If you’ve been using jeweler like I have, you start each new gem by copying your boilerplate Rakefile which contains a special section for your jeweler config. Taken from the jeweler readme, a Rakefile can as easy as:

  begin
require 'jeweler'
Jeweler::Tasks.new do |gemspec|
gemspec.name = "the-perfect-gem"
gemspec.summary = "TODO"
gemspec.email = "josh@technicalpickles.com"
gemspec.homepage = "http://github.com/technicalpickles/the-perfect-gem"
gemspec.description = "TODO"
gemspec.authors = ["Josh Nichols"]
end
rescue LoadError
puts "Jeweler not available. Install it with: sudo gem install technicalpickles-jeweler -s http://gems.github.com"
end

While this is easy, it’s not DRY once you start copying and pasting Rakefiles across your gems. Sure, your name and email are unlikely to change. But what if you want to have other default gemspec attributes such as files, has_rdoc and extra_rdoc_files? And if you want to change some of your default attributes later? What if you’d like to reuse some of the information in your gem specifications to create a gem’s web page?
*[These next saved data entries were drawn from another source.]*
(* Let $M$ be a positive integer and let $K$ be an integer with $q_{KL}-1\le K\le M$. Then for every $q\in\mathcal U(M)\cap(1,K+1]$, the quasi-greedy expansion $\alpha(q)=(\alpha_i(q))$ satisfies \[M-K\le\alpha_i(q)\le K\quad\text{for all }i\ge1.\]
   Context: For a positive integer $J$, $\mathcal U(J)$ is the set of $q\in(1,J+1]$ such that $1$ has exactly one expansion $1=\sum_{i\ge1}d_iq^{-i}$ with $d_i\in\{0,1,\dots,J\}$. For $q\in(1,M+1]$, $\alpha(q)=\alpha_1(q)\alpha_2(q)\dots$ is the quasi-greedy $q$-expansion of $1$ over the alphabet $\{0,1,\dots,M\}$, i.e. the lexicographically largest sequence $(a_i)\in\{0,\dots,M\}^{\mathbb N}$ not ending in $0^\infty$ with $\sum a_iq^{-i}=1$. Let $(\tau_i)_{i\ge0}$ be the Thue–Morse sequence ($\tau_0=0$, $\tau_{2^n}\dots\tau_{2^{n+1}-1}=(1-\tau_0)\dots(1-\tau_{2^n-1})$); $q_{KL}=q_{KL}(M)$ is the base with $\alpha(q_{KL})=\lambda_1\lambda_2\dots$, $\lambda_i=k+\tau_i-\tau_{i-1}$ if $M=2k$, $\lambda_i=k+\tau_i$ if $M=2k+1$. *)

theory Defs
  imports "HOL-Analysis.Analysis"
begin

text \<open>Sequences (d_1, d_2, ...) are encoded 0-based: d i stands for d_(i+1).\<close>

definition is_expansion :: "nat \<Rightarrow> real \<Rightarrow> (nat \<Rightarrow> nat) \<Rightarrow> bool" where
  "is_expansion J q d \<longleftrightarrow> (\<forall>i. d i \<le> J) \<and> (\<lambda>i. real (d i) / q ^ Suc i) sums 1"

definition univoque :: "nat \<Rightarrow> real set" where
  "univoque J = {q. 1 < q \<and> q \<le> real J + 1 \<and> (\<exists>!d. is_expansion J q d)}"

definition lex_less :: "(nat \<Rightarrow> nat) \<Rightarrow> (nat \<Rightarrow> nat) \<Rightarrow> bool" where
  "lex_less a b \<longleftrightarrow> (\<exists>n. (\<forall>i<n. a i = b i) \<and> a n < b n)"

definition not_ending_zero :: "(nat \<Rightarrow> nat) \<Rightarrow> bool" where
  "not_ending_zero a \<longleftrightarrow> infinite {i. a i \<noteq> 0}"

definition quasi_greedy :: "nat \<Rightarrow> real \<Rightarrow> (nat \<Rightarrow> nat)" where
  "quasi_greedy M q = (THE a. is_expansion M q a \<and> not_ending_zero a \<and>
      (\<forall>b. is_expansion M q b \<and> not_ending_zero b \<longrightarrow> b = a \<or> lex_less b a))"

text \<open>Thue--Morse: block n = tau_0 ... tau_(2^n - 1), block (n+1) = block n followed by its complement.\<close>
fun tm_block :: "nat \<Rightarrow> nat list" where
  "tm_block 0 = [0]"
| "tm_block (Suc n) = tm_block n @ map (\<lambda>x. 1 - x) (tm_block n)"

definition thue_morse :: "nat \<Rightarrow> int" where
  "thue_morse i = int (tm_block (Suc i) ! i)"

text \<open>lambda_i (i \<ge> 1), returned 0-based: kl_seq M i = lambda_(i+1).\<close>
definition kl_seq :: "nat \<Rightarrow> nat \<Rightarrow> nat" where
  "kl_seq M i = (if even M
      then nat (int (M div 2) + thue_morse (Suc i) - thue_morse i)
      else nat (int (M div 2) + thue_morse (Suc i)))"

definition q_KL :: "nat \<Rightarrow> real" where
  "q_KL M = (THE q. 1 < q \<and> q \<le> real M + 1 \<and> quasi_greedy M q = kl_seq M)"

end

theory Submission
  imports Defs
begin

text \<open>If 1 has a unique expansion \<open>d\<close> in base \<open>q\<close>, then so does every tail value
  \<open>T i = \<Sum>j. d (i + j) / q ^ (j + 1)\<close>. Hence no digit can be raised (\<open>d i < M\<close>
  forces \<open>T (i + 1) < 1\<close>) and none lowered (\<open>d i > 0\<close> forces
  \<open>T (i + 1) > M / (q - 1) - 1\<close>), since otherwise the greedy algorithm would produce a
  second expansion; in particular \<open>d\<close> is the quasi-greedy expansion. When \<open>q < M + 1\<close>
  the first property gives \<open>T i \<le> 1\<close> for all \<open>i\<close>, hence \<open>d i < q\<close>; when \<open>q \<le> M\<close>
  the second propagates \<open>d i > M - q\<close> along the sequence.\<close>

definition is_expansion_of :: "nat \<Rightarrow> real \<Rightarrow> real \<Rightarrow> (nat \<Rightarrow> nat) \<Rightarrow> bool" where
  "is_expansion_of M q x d \<longleftrightarrow> (\<forall>i. d i \<le> M) \<and> (\<lambda>i. real (d i) / q ^ Suc i) sums x"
Do you feel yet that maybe you should’ve had a more DRY setup? So instead of having copy and paste configurations spread across my gems, I have one configuration file for them. Since this config file has one section for common gemspec attributes, gemspec management becomes easy and DRY.

How It Works

Using the gemspec config file and a given or detected gem name, GemspecBuilder.build creates a Gem::Specification object. Jeweler’s task class uses this object to create a Jeweler object. To run a jeweler task, I invoke thor to delegate the correct task to the Jeweler object. My thor tasks look like this:

  # cd into one of my gems
  bash> cd hirb
  
  # equivalent to jeweler's rake version
  bash> thor jeweler:version
  Current version: 0.1.2
  
  # equivalent to jeweler's rake gemspec
  bash> thor jeweler:gemspec
  hirb.gemspec is valid.
  Generated: hirb.gemspec
  
  # equivalent to jeweler's rake build
  bash> thor jeweler:build
  Successfully built RubyGem
  Name: hirb
  Version: 0.1.2
  File: hirb-0.1.2.gem
  
  # equivalent to jeweler's rake version:bump:patch
  bash> thor jeweler:bump patch
  Current version: 0.1.2
  Updated version: 0.1.3  

If you aren’t familiar with thor, you may be wondering why I didn’t just stop with making the above Rakefile leaner:

  begin
require 'jeweler'
require 'gemspec_builder' #if it were packaged as a gem
Jeweler::Tasks.new(GemspecBuilder.build)
rescue LoadError
puts "Jeweler not available. Install it with: sudo gem install technicalpickles-jeweler -s http://gems.github.com"
end

What thor provides that rake and sake can’t provide is letting you write your tasks as Ruby. This is quite powerful when you want pass arguments and options to your tasks (and testing tasks and sharing task libraries, etc…). Also, thor like sake, allows you to install your ruby tasks to be invoked from anywhere. This allows me to use my jeweler tasks without putting any jeweler (gem creator specific) tasks in my gem’s Rakefile. I think this is a good thing since I leave potential forkers of my gem with a choice of what gem creator they want to use for recreating my gemspec. In the same vein, I forgot to mention that one gemspec config file gives you the painless choice of switching gem creators when the need arises.

Install

If you’re using jeweler as your gem creator, you can give this idea a try:

  1. sudo gem install thor
  2. git clone git://github.com/cldwalker/thor-tasks.git
  3. cd thor-tasks
  4. thor install jeweler.thor
  5. Create a ~/.gems.yml. GemspecBuilder contains documentation about what the config file should look like. Use mine as an example.
  6. Try adding one of your jeweler gemspecs to ~/.gems.yml. Should be copy and pasting for the most part.
  7. cd your_gem_path
  8. Execute your jeweler tasks as demonstrated above. thor list jeweler to list your jeweler tasks.